Figure 2–28. Arc injection exploit
When f() returns, it pops the stored eip off the stack and transfers control to this address. In this case, the eip has been overwritten with the address of the return sequence shown in Figure 2–28 (c). This sequence is usually the instructions generated for the return to the exploited function, but it can appear anywhere in the code segment for the process. The return sequence assigns the frame pointer (now pointing to Frame 3) to the stack pointer and returns control to the the next arbitrary function to be called (in this case, g()).
An attacker can repeat this sequence as required to invoke a sequence of functions to accomplish an exploit. The attacker could also reproduce the original frame contents on the stack to return control to main() after the exploit has executed.
An attacker may prefer arc injection over code injection for several reasons. Because arc injection uses code already in memory on the target system, the attacker merely needs to provide the addresses of the functions and arguments for a successful attack. The footprint for this type of attack can be significantly smaller and may be used to exploit vulnerabilities that cannot be exploited by the code injection technique.

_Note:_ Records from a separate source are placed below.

theorem corollary1:
  fixes M1 :: "'a measure" and M2 :: "'b measure"
    and \<xi>1 \<xi>2 :: "real \<Rightarrow> real"
    and ash1 asc1 :: "'a \<Rightarrow> real" and ash2 asc2 :: "'b \<Rightarrow> real"
    and h1 :: "'a \<Rightarrow> real \<Rightarrow> real" and h2 :: "'b \<Rightarrow> real \<Rightarrow> real"
    and \<mu>sh \<mu>sc :: real
  assumes P1: "prob_space M1" and P2: "prob_space M2"
    and xi1: "C1_on \<xi>1" "countable {t\<in>{0..1}. C1_deriv \<xi>1 t = 0}"
    and xi2: "C1_on \<xi>2" "countable {t\<in>{0..1}. C1_deriv \<xi>2 t = 0}"
    and a1_meas: "ash1 \<in> borel_measurable M1" "asc1 \<in> borel_measurable M1"
    and a2_meas: "ash2 \<in> borel_measurable M2" "asc2 \<in> borel_measurable M2"
    and asc1_nz: "measure M1 {\<omega>\<in>space M1. asc1 \<omega> = 0} = 0"
    and asc2_nz: "measure M2 {\<omega>\<in>space M2. asc2 \<omega> = 0} = 0"
    and a1_int: "integrable M1 ash1" "integrable M1 asc1"
    and a2_int: "integrable M2 ash2" "integrable M2 asc2"
    and mean1: "integral\<^sup>L M1 ash1 = \<mu>sh" "integral\<^sup>L M1 asc1 = \<mu>sc"
    and mean2: "integral\<^sup>L M2 ash2 = \<mu>sh" "integral\<^sup>L M2 asc2 = \<mu>sc"
    and musc: "\<mu>sc \<noteq> 0"
    and h1_rv: "C1_rv M1 h1" and h2_rv: "C1_rv M2 h2"
    and h1_ae: "AE \<omega> in M1. (\<forall>t\<in>{0..1}. C1_deriv (h1 \<omega>) t > 0) \<and> h1 \<omega> 0 = 0 \<and> h1 \<omega> 1 = 1"
    and h2_ae: "AE \<omega> in M2. (\<forall>t\<in>{0..1}. C1_deriv (h2 \<omega>) t > 0) \<and> h2 \<omega> 0 = 0 \<and> h2 \<omega> 1 = 1"
    and h1_inv: "\<forall>t\<in>{0..1}. integrable M1 (\<lambda>\<omega>. inv_into {0..1} (h1 \<omega>) t) \<and>
                   (\<integral>\<omega>. inv_into {0..1} (h1 \<omega>) t \<partial>M1) = t"
    and h2_inv: "\<forall>t\<in>{0..1}. integrable M2 (\<lambda>\<omega>. inv_into {0..1} (h2 \<omega>) t) \<and>
                   (\<integral>\<omega>. inv_into {0..1} (h2 \<omega>) t \<partial>M2) = t"
    and eqd: "C1_eqd M1 (\<lambda>\<omega>. (\<lambda>t. ash1 \<omega> + asc1 \<omega> * \<xi>1 t) \<circ> h1 \<omega>)
                    M2 (\<lambda>\<omega>. (\<lambda>t. ash2 \<omega> + asc2 \<omega> * \<xi>2 t) \<circ> h2 \<omega>)"
  shows "C1_eqd M1 h1 M2 h2 \<and> (\<forall>t\<in>{0..1}. \<xi>1 t = \<xi>2 t) \<and>
         distr M1 borel (\<lambda>\<omega>. (ash1 \<omega>, asc1 \<omega>)) = distr M2 borel (\<lambda>\<omega>. (ash2 \<omega>, asc2 \<omega>))"
proof -
  have curves: "(\<lambda>\<omega>. restrict (\<lambda>t. ash1 \<omega> + asc1 \<omega> * \<xi>1 (h1 \<omega> t)) {0..1}) \<in> M1 \<rightarrow>\<^sub>M C1_borel"
    "(\<lambda>\<omega>. restrict (\<lambda>t. ash2 \<omega> + asc2 \<omega> * \<xi>2 (h2 \<omega> t)) {0..1}) \<in> M2 \<rightarrow>\<^sub>M C1_borel"
    "distr M1 C1_borel (\<lambda>\<omega>. restrict (\<lambda>t. ash1 \<omega> + asc1 \<omega> * \<xi>1 (h1 \<omega> t)) {0..1})
   = distr M2 C1_borel (\<lambda>\<omega>. restrict (\<lambda>t. ash2 \<omega> + asc2 \<omega> * \<xi>2 (h2 \<omega> t)) {0..1})"
    using eqd unfolding C1_eqd_def C1_rv_def by (simp_all add: o_def)
  interpret shape_invariant_models_eqd \<xi>1 M1 ash1 asc1 h1 \<xi>2 M2 ash2 asc2 h2 \<mu>sh \<mu>sc
    by (intro shape_invariant_models_eqd.intro shape_invariant_model.intro template.intro
        shape_invariant_model_axioms.intro shape_invariant_models_eqd_axioms.intro)
      (fact P1 P2 xi1 xi2 a1_meas a2_meas asc1_nz asc2_nz a1_int a2_int mean1 mean2 musc
        h1_rv h2_rv h1_ae h2_ae h1_inv h2_inv curves)+
  show ?thesis using warpings_eqd templates_eq amplitudes_distr_eq by blast
qed

end
(* Rewriting in the free $3$-category $\mathbf{Toff}$ of reversible Boolean circuits terminates: there is no infinite sequence $\alpha_1,\alpha_2,\dots$ of non-identity $3$-cells of $\mathbf{Toff}$ with ${\tt t}_2(\alpha_i)={\tt s}_2(\alpha_{i+1})$ for all $i$; equivalently, every sequence of reductions of circuits by the rules of $R_3$ (applied in any context, modulo the $3$-category axioms) is finite.
   Context: $\mathbf{Toff}$ is the free strict $3$-category generated by: one $0$-cell $\ast$; one $1$-generator, the wire $1:\ast\to\ast$ (so $1$-cells are bundles of $n$ wires); four $2$-generators (gates) $s:2\Rightarrow2$ (SWAP), $N:1\Rightarrow1$ (NOT), $T_2:2\Rightarrow2$ (controlled NOT), $T_3:3\Rightarrow3$ (Toffoli), so that $2$-cells are circuits built from these gates by parallel and sequential composition; and the set $R_3$ of $3$-generators (rewriting rules) listed below. Write $\star_0$ for parallel composition (left to right), $\star_1$ for sequential composition (diagrammatic order), $1$ also for the identity $2$-cell on one wire and $\mathrm{id}_n$ for the identity $2$-cell on $n$ wires. Let $L_3=(s\star_01)\star_1(1\star_0s)$, $L_4=(s\star_01\star_01)\star_1(1\star_0s\star_01)\star_1(1\star_01\star_0s)$, $L'_3=(1\star_0s)\star_1(s\star_01)$, $L'_4=(1\star_01\star_0s)\star_1(1\star_0s\star_01)\star_1(s\star_01\star_01)$. $R_3$ consists of: permutation rules $s\star_1s\Rrightarrow\mathrm{id}_2$ and $(s\star_01)\star_1(1\star_0s)\star_1(s\star_01)\Rrightarrow(1\star_0s)\star_1(s\star_01)\star_1(1\star_0s)$; annihilation rules $N\star_1N\Rrightarrow\mathrm{id}_1$, $T_2\star_1T_2\Rrightarrow\mathrm{id}_2$, $T_3\star_1T_3\Rrightarrow\mathrm{id}_3$; sliding rules $s\star_1(N\star_01)\Rrightarrow(1\star_0N)\star_1s$, $s\star_1(1\star_0N)\Rrightarrow(N\star_01)\star_1s$, $L_3\star_1(T_2\star_01)\Rrightarrow(1\star_0T_2)\star_1L_3$, $L'_3\star_1(1\star_0T_2)\Rrightarrow(T_2\star_01)\star_1L'_3$, $L_4\star_1(T_3\star_01)\Rrightarrow(1\star_0T_3)\star_1L_4$, $L'_4\star_1(1\star_0T_3)\Rrightarrow(T_3\star_01)\star_1L'_4$; and the swapped Toffoli rule $(s\star_01)\star_1T_3\Rrightarrow T_3\star_1(s\star_01)$. $3$-cells of $\mathbf{Toff}$ are formal $\star_0,\star_1,\star_2$-composites of these rules and identities, taken modulo the strict $3$-category axioms (associativity, local units, exchange); $2$-cells are likewise taken modulo these axioms. *)

theory Defs
  imports Main
begin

Arc injection is a data-based attack that cannot be defeated by making memory segments (such as the stack) nonexecutable.
Chaining function calls together allows for more powerful attacks. A security-conscious programmer, for example, might follow the principle of least privilege [Saltzer 75] and drop privileges when not required. By chaining multiple function calls together, an exploit could regain privileges, for example, by calling setuid() before calling system().